What is needed -
Please print only the top portion of the entries below, ending with the line that contains "using M r by (intro", exactly as written.

(Dataset entries)
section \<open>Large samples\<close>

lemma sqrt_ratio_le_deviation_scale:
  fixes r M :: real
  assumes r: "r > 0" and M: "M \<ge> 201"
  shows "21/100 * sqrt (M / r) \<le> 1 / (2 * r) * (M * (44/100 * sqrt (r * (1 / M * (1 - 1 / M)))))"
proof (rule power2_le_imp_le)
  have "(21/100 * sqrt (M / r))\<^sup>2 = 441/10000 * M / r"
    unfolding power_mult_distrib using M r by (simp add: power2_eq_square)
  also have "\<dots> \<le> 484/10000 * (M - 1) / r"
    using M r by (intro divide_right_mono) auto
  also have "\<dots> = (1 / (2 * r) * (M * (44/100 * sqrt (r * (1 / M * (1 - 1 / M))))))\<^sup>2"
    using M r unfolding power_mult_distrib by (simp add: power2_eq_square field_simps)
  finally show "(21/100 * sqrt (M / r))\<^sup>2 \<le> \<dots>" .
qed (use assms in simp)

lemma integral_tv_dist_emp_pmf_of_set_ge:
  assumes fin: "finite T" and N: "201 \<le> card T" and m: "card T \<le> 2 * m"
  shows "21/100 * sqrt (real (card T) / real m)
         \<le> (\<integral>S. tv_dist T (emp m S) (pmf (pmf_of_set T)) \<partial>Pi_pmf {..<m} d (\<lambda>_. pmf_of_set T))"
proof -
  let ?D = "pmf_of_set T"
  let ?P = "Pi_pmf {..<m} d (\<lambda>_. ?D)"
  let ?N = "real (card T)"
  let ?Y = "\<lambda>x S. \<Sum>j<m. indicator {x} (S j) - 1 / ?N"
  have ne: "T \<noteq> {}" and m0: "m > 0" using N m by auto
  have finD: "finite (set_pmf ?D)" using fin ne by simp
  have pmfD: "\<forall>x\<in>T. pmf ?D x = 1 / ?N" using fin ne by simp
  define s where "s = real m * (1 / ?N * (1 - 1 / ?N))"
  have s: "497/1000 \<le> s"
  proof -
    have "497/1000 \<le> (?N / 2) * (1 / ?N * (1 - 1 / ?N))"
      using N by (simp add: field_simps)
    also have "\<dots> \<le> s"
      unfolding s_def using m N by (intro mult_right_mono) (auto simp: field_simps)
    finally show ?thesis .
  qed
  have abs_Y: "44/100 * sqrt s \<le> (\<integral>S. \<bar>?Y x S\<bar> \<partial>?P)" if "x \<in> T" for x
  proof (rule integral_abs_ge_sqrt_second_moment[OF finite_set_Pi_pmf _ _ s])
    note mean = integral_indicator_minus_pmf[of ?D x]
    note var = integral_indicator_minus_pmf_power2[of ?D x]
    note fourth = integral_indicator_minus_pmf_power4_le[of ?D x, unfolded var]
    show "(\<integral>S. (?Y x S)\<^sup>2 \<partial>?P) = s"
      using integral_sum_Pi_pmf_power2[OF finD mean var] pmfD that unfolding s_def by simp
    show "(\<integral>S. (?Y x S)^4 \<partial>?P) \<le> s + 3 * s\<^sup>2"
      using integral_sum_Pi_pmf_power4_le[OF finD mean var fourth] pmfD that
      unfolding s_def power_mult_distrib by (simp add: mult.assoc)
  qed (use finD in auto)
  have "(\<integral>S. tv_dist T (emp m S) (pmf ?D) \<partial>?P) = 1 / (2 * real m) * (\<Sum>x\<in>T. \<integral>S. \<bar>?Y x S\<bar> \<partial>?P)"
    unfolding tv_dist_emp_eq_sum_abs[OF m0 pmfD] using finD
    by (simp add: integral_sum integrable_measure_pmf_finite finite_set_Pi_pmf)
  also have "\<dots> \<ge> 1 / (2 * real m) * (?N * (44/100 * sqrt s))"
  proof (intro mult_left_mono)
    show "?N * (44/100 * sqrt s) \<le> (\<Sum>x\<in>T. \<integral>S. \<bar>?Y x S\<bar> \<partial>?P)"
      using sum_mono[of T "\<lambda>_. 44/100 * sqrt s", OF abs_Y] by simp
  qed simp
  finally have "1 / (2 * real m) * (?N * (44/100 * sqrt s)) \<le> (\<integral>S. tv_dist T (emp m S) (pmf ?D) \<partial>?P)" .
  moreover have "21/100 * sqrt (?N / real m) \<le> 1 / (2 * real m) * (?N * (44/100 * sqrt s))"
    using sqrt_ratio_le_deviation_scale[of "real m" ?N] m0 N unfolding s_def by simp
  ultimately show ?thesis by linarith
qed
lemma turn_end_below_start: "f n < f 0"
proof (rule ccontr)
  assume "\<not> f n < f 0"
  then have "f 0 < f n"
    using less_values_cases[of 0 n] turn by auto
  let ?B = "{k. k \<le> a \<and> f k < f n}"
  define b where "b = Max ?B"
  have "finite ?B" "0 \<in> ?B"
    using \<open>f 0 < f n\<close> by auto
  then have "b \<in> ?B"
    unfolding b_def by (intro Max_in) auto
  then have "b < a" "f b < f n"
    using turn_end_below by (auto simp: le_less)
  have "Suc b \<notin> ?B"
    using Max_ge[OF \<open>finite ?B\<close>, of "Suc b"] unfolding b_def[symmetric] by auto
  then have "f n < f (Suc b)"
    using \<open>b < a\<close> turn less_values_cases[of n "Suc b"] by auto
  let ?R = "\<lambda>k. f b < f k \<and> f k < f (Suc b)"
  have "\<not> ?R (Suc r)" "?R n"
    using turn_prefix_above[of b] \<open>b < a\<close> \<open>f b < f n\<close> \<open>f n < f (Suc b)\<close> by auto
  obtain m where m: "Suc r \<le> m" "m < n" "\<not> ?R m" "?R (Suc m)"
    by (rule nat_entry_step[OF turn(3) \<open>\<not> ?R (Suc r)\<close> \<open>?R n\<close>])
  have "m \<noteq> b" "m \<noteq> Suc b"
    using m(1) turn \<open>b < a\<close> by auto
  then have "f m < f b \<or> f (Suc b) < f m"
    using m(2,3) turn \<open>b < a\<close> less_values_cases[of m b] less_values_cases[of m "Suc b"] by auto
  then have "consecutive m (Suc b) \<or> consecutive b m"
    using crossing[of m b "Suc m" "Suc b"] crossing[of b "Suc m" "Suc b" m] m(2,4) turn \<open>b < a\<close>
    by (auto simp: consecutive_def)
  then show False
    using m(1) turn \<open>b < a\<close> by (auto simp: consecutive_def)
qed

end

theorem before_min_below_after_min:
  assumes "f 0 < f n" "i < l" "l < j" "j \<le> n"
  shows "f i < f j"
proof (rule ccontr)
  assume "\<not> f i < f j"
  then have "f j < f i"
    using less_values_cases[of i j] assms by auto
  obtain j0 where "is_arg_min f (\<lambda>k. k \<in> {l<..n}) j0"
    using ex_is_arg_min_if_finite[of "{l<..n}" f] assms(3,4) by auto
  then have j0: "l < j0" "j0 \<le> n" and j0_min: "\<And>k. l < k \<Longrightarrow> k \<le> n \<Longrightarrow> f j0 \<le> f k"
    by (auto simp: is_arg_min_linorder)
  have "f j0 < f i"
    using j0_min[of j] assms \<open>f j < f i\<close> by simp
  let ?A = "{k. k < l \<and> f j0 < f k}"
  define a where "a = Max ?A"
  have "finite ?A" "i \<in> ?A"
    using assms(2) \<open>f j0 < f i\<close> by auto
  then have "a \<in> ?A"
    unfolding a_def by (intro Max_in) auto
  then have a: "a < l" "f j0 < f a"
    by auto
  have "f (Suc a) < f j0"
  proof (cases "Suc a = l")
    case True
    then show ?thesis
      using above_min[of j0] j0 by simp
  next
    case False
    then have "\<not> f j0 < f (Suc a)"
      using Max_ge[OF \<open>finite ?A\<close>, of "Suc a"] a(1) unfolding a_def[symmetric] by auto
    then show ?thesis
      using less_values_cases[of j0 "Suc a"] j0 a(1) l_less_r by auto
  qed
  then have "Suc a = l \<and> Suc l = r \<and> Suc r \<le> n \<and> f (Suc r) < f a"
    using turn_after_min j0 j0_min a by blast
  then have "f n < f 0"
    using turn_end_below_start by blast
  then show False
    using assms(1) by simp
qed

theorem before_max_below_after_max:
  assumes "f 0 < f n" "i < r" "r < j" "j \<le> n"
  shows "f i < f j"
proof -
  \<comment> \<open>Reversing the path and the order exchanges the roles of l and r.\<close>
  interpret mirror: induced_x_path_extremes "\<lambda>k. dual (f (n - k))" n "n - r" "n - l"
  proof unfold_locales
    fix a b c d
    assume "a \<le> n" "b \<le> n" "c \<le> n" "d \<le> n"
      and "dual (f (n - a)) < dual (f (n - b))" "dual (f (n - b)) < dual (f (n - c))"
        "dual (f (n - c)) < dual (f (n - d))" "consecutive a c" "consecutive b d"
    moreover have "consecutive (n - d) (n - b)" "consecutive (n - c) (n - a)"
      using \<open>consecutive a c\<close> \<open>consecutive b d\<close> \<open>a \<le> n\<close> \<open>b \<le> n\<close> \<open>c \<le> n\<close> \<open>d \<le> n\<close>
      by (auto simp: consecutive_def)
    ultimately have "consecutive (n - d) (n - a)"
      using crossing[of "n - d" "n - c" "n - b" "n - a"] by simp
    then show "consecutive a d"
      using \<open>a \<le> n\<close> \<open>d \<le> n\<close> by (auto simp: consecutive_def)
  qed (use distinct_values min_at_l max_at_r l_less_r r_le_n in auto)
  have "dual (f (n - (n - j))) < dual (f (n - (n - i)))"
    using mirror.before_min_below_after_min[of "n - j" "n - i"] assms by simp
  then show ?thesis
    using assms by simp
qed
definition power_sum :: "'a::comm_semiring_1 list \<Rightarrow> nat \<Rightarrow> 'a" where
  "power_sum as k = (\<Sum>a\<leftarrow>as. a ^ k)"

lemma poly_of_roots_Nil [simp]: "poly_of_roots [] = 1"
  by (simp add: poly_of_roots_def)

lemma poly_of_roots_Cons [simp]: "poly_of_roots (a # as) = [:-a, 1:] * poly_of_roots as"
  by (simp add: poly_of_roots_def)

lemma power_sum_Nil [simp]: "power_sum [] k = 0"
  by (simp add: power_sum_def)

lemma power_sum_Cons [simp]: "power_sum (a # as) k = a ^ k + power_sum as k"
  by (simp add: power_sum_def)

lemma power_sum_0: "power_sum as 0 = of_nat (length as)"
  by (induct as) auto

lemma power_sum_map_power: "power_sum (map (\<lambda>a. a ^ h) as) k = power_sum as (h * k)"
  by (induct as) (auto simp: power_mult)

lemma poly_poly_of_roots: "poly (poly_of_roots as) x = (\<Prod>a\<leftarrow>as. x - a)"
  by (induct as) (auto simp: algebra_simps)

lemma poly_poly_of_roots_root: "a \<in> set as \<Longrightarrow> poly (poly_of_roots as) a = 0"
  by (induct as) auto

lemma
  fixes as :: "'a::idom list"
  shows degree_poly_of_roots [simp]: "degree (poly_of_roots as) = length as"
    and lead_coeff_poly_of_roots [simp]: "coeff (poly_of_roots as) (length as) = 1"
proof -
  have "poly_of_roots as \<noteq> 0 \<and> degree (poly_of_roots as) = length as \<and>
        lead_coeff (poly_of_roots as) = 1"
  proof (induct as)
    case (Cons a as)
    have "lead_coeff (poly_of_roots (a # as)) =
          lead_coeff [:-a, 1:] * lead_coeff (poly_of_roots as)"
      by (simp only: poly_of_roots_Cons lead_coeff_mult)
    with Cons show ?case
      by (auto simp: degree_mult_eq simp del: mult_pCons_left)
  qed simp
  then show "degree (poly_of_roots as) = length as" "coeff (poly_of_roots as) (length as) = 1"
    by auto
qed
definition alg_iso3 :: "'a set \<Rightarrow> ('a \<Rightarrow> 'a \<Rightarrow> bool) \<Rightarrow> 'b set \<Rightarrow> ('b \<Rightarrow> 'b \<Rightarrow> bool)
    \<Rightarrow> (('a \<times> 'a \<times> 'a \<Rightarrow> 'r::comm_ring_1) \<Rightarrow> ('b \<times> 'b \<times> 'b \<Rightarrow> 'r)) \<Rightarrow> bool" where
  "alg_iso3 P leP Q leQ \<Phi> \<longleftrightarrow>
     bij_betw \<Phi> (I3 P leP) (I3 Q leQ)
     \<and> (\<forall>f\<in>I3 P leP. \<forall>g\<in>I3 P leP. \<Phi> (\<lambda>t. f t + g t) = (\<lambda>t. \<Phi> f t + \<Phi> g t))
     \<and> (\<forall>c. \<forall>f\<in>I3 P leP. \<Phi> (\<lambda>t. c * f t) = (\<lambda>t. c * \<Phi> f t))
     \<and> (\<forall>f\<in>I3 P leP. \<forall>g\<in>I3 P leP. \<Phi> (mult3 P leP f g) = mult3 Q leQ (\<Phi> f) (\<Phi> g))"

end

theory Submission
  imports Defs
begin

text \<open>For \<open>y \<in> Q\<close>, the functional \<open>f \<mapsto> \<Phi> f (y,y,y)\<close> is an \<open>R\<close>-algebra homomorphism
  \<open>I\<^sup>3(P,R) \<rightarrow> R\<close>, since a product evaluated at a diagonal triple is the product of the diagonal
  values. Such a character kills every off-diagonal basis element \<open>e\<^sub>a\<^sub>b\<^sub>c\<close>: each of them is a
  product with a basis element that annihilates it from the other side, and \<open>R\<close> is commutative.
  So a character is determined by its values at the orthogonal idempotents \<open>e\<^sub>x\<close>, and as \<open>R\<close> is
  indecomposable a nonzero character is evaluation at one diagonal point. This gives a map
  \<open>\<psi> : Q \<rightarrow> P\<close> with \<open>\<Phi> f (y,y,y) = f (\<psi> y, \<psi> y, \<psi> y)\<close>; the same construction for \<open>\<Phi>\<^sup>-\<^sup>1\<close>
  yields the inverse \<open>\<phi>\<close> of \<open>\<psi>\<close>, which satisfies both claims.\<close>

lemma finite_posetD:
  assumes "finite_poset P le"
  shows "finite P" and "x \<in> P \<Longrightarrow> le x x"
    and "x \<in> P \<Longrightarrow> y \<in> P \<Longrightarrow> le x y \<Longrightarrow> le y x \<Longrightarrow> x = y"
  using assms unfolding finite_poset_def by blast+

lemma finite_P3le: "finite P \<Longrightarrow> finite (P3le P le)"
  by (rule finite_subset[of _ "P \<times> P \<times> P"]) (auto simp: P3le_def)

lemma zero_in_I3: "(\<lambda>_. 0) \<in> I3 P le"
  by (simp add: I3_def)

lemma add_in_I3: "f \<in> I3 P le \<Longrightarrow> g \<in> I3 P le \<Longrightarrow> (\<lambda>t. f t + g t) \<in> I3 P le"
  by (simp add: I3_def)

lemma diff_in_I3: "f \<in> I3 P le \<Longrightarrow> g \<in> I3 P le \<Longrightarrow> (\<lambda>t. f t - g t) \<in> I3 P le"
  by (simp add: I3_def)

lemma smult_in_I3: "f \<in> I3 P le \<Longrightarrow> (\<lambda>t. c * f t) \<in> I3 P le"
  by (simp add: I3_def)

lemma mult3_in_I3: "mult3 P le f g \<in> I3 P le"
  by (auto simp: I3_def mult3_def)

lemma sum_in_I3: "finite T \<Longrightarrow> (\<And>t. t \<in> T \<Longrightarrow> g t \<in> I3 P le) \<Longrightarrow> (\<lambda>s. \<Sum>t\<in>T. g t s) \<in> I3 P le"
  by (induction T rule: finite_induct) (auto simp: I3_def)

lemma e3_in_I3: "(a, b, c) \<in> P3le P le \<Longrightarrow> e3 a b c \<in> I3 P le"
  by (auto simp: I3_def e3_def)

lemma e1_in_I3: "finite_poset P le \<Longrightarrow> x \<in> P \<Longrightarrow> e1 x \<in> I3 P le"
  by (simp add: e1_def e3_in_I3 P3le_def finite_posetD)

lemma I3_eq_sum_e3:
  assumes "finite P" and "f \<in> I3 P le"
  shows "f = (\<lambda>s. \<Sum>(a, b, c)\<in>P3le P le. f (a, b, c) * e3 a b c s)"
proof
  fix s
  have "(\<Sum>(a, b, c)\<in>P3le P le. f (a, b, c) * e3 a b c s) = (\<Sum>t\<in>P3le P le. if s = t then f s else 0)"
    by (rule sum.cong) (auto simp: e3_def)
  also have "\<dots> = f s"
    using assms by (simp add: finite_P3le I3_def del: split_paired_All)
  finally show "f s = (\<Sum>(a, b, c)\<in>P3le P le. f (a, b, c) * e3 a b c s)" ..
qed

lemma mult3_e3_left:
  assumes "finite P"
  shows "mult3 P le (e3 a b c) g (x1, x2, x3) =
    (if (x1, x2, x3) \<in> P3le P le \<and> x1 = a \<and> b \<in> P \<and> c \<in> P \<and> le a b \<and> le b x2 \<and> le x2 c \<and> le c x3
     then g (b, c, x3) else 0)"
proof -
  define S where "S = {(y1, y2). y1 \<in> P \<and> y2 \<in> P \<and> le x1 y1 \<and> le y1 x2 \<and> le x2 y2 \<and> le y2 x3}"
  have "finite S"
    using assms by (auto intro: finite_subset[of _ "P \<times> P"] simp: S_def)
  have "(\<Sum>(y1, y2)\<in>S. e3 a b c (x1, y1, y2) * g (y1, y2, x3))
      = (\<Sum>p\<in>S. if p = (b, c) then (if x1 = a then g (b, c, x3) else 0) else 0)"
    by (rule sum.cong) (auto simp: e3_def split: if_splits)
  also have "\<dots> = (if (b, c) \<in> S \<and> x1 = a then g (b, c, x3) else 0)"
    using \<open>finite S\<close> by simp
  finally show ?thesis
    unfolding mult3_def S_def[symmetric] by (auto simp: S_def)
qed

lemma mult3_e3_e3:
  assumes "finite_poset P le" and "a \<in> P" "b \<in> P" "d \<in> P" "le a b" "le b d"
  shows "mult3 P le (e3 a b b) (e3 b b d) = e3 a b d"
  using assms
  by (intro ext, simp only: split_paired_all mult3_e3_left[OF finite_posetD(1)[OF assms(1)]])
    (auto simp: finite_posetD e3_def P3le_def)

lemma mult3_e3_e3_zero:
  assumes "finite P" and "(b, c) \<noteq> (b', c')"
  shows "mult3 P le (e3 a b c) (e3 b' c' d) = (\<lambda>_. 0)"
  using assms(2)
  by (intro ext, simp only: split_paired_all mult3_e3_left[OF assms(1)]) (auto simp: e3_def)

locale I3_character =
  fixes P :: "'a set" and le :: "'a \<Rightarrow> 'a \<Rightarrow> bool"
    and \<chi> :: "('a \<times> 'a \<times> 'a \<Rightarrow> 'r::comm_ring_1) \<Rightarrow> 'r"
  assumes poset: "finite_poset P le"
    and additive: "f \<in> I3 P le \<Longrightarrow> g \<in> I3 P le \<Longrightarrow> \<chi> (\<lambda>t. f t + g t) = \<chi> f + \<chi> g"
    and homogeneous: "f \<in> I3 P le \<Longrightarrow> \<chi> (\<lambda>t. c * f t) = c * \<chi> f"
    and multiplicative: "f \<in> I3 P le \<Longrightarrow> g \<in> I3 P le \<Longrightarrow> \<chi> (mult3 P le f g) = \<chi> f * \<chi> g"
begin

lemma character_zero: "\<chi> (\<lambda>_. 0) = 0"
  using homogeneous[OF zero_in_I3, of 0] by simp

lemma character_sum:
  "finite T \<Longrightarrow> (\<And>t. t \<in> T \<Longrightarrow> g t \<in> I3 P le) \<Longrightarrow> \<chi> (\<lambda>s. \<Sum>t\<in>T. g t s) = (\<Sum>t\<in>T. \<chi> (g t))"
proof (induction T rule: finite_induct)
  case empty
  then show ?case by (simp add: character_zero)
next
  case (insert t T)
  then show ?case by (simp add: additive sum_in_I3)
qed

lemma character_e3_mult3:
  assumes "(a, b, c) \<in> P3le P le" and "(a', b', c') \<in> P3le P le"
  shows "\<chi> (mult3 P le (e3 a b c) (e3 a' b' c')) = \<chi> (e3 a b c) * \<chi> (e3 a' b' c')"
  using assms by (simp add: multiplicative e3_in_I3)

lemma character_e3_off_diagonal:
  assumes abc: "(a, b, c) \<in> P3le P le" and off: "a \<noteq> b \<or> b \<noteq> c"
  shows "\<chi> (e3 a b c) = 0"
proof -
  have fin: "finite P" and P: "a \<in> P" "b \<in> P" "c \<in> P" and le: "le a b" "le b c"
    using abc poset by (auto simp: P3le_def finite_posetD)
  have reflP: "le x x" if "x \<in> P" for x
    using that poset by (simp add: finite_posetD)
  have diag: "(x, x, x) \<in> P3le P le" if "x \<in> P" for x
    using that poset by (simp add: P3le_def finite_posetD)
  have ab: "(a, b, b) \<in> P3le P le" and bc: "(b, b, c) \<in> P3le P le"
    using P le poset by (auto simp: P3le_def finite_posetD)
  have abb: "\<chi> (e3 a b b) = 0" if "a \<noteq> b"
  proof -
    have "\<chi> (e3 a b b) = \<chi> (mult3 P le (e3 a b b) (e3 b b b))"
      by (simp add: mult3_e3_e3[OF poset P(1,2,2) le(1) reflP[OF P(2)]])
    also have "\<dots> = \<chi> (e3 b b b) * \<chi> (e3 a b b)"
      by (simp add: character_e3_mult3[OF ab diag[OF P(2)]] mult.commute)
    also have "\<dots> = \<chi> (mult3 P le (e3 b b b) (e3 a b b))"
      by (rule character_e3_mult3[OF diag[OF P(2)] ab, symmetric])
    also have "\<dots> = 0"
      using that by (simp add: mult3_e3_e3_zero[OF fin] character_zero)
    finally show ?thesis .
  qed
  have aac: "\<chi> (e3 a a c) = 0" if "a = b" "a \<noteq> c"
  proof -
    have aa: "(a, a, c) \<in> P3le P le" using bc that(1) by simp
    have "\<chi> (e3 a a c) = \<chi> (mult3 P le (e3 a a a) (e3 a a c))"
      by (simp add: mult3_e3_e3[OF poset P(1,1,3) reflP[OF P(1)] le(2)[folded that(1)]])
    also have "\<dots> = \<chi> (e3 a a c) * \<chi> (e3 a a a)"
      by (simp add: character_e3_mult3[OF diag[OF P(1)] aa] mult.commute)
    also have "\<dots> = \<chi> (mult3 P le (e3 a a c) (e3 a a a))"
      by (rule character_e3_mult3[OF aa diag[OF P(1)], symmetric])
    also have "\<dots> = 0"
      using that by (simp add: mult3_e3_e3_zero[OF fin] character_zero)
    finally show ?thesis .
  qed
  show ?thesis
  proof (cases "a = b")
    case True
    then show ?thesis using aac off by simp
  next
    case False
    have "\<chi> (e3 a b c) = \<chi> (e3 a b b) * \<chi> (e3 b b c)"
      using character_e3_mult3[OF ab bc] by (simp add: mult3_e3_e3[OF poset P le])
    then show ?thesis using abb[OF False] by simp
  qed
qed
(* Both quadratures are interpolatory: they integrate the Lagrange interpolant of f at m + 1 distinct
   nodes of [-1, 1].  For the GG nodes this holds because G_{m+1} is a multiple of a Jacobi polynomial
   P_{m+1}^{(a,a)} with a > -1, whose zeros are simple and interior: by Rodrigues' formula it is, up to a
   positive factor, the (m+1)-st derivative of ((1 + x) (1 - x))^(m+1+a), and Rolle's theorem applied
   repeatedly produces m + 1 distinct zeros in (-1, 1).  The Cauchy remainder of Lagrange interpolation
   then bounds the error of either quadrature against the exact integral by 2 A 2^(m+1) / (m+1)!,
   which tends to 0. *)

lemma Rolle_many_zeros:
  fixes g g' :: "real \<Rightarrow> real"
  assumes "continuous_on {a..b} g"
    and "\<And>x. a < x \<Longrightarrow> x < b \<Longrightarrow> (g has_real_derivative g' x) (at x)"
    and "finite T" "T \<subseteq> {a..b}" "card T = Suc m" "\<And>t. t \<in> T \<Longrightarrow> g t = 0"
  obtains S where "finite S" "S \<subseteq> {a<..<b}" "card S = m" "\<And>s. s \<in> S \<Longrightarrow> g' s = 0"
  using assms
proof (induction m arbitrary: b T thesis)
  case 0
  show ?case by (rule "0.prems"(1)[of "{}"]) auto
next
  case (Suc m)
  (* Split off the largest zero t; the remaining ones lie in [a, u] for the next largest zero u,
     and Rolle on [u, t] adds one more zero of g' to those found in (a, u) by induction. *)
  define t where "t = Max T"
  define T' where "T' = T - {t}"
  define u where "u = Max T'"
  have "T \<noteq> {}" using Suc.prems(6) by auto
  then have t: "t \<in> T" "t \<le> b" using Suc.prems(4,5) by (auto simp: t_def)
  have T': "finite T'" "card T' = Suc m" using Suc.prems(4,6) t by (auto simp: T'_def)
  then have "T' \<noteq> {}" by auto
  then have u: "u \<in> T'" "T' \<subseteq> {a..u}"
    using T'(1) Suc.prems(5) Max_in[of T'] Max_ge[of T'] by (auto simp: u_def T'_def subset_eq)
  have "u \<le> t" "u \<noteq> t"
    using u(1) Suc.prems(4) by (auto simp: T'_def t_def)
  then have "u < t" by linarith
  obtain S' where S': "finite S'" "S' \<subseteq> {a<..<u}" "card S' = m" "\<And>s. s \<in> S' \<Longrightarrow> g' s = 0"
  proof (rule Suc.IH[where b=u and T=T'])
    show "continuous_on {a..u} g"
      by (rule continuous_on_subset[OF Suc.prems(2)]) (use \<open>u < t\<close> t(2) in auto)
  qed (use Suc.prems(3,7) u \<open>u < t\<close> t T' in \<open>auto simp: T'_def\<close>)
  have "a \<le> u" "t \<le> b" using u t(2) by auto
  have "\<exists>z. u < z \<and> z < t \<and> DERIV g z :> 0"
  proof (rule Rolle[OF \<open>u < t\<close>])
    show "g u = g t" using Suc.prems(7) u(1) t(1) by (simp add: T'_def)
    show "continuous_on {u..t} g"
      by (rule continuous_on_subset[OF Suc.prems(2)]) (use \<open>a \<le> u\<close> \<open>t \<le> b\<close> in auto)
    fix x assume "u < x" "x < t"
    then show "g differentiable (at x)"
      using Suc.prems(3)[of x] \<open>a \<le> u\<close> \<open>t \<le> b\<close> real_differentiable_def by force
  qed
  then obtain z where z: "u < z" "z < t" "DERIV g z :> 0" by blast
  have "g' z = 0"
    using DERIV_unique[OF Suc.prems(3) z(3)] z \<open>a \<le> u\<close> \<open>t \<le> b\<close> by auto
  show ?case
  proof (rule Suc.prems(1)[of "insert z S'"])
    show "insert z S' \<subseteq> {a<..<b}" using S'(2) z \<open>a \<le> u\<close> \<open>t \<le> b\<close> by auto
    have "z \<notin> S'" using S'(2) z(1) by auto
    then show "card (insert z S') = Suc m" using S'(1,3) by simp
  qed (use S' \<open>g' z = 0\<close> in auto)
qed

Response area -
section \<open>Large samples\<close>

lemma sqrt_ratio_le_deviation_scale:
  fixes r M :: real
  assumes r: "r > 0" and M: "M \<ge> 201"
  shows "21/100 * sqrt (M / r) \<le> 1 / (2 * r) * (M * (44/100 * sqrt (r * (1 / M * (1 - 1 / M)))))"
proof (rule power2_le_imp_le)
  have "(21/100 * sqrt (M / r))\<^sup>2 = 441/10000 * M / r"
    unfolding power_mult_distrib using M r by (simp add: power2_eq_square)
  also have "\<dots> \<le> 484/10000 * (M - 1) / r"
    using M r by (intro divide_right_mono) auto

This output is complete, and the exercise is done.